DIRECTIONS ▸ Copy out each line of the data that contains "shows".

SOURCE MATERIAL ▸
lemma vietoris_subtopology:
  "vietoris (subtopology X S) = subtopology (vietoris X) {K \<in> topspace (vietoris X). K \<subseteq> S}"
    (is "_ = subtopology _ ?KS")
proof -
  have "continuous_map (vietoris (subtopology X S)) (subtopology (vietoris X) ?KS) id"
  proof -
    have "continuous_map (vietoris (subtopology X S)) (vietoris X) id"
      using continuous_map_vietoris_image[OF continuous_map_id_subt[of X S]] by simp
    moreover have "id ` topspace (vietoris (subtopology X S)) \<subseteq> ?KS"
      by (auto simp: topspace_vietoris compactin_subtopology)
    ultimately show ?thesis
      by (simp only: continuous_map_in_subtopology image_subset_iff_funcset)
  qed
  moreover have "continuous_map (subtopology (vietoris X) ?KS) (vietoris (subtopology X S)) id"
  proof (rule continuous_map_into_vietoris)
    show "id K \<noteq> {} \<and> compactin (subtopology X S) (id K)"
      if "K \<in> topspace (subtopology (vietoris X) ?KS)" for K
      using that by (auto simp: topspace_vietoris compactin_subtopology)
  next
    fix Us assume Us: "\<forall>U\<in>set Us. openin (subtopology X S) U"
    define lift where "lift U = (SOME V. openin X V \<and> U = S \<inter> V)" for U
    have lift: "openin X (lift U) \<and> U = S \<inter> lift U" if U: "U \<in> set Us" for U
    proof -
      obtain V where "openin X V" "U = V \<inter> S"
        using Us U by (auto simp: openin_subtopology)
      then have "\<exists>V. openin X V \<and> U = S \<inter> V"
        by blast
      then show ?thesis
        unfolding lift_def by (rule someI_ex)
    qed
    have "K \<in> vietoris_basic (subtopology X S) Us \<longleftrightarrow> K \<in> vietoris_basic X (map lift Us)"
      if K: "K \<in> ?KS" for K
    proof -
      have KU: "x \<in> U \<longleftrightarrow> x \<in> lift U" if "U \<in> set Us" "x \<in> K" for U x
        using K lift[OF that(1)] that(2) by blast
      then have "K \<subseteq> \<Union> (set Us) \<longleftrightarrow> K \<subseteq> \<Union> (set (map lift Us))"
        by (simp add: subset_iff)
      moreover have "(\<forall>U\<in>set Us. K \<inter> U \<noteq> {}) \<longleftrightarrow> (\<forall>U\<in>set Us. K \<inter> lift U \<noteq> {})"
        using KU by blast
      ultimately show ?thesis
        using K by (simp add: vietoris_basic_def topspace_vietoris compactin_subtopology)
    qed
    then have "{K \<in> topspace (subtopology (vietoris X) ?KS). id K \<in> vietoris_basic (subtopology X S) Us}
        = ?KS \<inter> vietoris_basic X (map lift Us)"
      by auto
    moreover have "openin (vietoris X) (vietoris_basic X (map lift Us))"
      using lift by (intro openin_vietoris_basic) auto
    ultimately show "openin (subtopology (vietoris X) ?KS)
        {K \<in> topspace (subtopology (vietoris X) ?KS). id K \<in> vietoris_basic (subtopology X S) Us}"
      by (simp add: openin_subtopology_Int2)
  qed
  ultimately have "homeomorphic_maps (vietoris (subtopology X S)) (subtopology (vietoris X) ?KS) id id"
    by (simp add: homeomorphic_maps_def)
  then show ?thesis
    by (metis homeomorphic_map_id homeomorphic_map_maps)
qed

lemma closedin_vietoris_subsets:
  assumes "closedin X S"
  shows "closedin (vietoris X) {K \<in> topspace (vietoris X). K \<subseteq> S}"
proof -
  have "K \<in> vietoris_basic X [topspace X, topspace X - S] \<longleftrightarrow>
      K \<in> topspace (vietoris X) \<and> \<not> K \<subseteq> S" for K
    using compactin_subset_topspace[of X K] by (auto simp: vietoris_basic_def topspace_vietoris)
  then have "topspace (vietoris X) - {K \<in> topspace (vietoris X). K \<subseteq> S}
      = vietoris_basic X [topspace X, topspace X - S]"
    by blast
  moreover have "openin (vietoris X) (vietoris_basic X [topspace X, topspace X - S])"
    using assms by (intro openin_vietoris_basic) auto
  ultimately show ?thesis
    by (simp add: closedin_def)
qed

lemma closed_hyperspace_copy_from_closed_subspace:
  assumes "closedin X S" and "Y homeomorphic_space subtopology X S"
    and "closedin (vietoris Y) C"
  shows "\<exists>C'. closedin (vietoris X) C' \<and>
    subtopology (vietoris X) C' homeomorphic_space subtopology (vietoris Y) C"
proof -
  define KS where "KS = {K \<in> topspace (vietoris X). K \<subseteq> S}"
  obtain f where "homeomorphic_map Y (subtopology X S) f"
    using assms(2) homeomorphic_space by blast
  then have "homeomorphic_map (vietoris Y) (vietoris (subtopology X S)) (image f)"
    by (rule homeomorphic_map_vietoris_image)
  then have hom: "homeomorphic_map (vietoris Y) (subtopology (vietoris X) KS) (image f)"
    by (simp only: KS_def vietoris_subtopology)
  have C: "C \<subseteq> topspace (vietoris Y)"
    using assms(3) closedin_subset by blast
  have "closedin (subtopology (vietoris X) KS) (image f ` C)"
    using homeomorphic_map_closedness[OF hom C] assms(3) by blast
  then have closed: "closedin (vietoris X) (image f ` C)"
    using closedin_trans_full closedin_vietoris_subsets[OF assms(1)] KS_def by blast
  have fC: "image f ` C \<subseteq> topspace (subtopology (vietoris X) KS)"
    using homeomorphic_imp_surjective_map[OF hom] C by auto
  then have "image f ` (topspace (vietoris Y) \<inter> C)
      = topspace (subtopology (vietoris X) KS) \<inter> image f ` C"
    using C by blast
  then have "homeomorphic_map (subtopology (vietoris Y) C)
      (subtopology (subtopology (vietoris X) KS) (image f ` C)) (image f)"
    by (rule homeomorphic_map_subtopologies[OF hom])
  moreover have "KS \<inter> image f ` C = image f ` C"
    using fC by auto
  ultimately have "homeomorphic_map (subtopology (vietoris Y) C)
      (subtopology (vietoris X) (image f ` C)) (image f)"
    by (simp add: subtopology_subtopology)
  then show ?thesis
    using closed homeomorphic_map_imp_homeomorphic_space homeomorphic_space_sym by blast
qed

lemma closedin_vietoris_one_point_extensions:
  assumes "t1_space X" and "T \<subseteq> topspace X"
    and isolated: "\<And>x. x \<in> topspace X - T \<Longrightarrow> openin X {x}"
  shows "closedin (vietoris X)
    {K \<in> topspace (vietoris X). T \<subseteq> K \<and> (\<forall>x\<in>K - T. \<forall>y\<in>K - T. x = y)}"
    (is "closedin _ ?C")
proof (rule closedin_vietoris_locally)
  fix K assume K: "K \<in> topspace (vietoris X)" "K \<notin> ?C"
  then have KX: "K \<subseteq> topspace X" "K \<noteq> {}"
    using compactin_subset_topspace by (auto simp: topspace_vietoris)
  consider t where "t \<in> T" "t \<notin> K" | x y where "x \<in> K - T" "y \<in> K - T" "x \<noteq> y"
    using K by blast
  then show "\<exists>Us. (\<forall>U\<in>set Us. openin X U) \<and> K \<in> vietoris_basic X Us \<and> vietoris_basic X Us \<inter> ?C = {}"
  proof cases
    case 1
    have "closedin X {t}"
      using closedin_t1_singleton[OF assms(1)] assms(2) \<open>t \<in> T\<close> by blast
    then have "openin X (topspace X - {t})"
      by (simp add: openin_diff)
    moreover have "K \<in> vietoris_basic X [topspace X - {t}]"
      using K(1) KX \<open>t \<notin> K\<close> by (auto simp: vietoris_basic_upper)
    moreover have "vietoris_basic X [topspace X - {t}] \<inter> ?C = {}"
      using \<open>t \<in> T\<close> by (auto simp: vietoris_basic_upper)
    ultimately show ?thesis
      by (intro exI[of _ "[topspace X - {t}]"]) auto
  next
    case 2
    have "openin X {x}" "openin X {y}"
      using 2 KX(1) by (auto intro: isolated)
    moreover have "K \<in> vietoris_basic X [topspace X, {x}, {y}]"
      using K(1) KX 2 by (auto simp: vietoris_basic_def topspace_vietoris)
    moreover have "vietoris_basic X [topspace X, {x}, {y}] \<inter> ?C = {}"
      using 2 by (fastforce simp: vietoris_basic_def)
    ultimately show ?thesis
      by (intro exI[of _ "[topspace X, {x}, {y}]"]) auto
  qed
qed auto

SOLUTION ▸
  shows "closedin (vietoris X) {K \<in> topspace (vietoris X). K \<subseteq> S}"
  shows "\<exists>C'. closedin (vietoris X) C' \<and>
  shows "closedin (vietoris X)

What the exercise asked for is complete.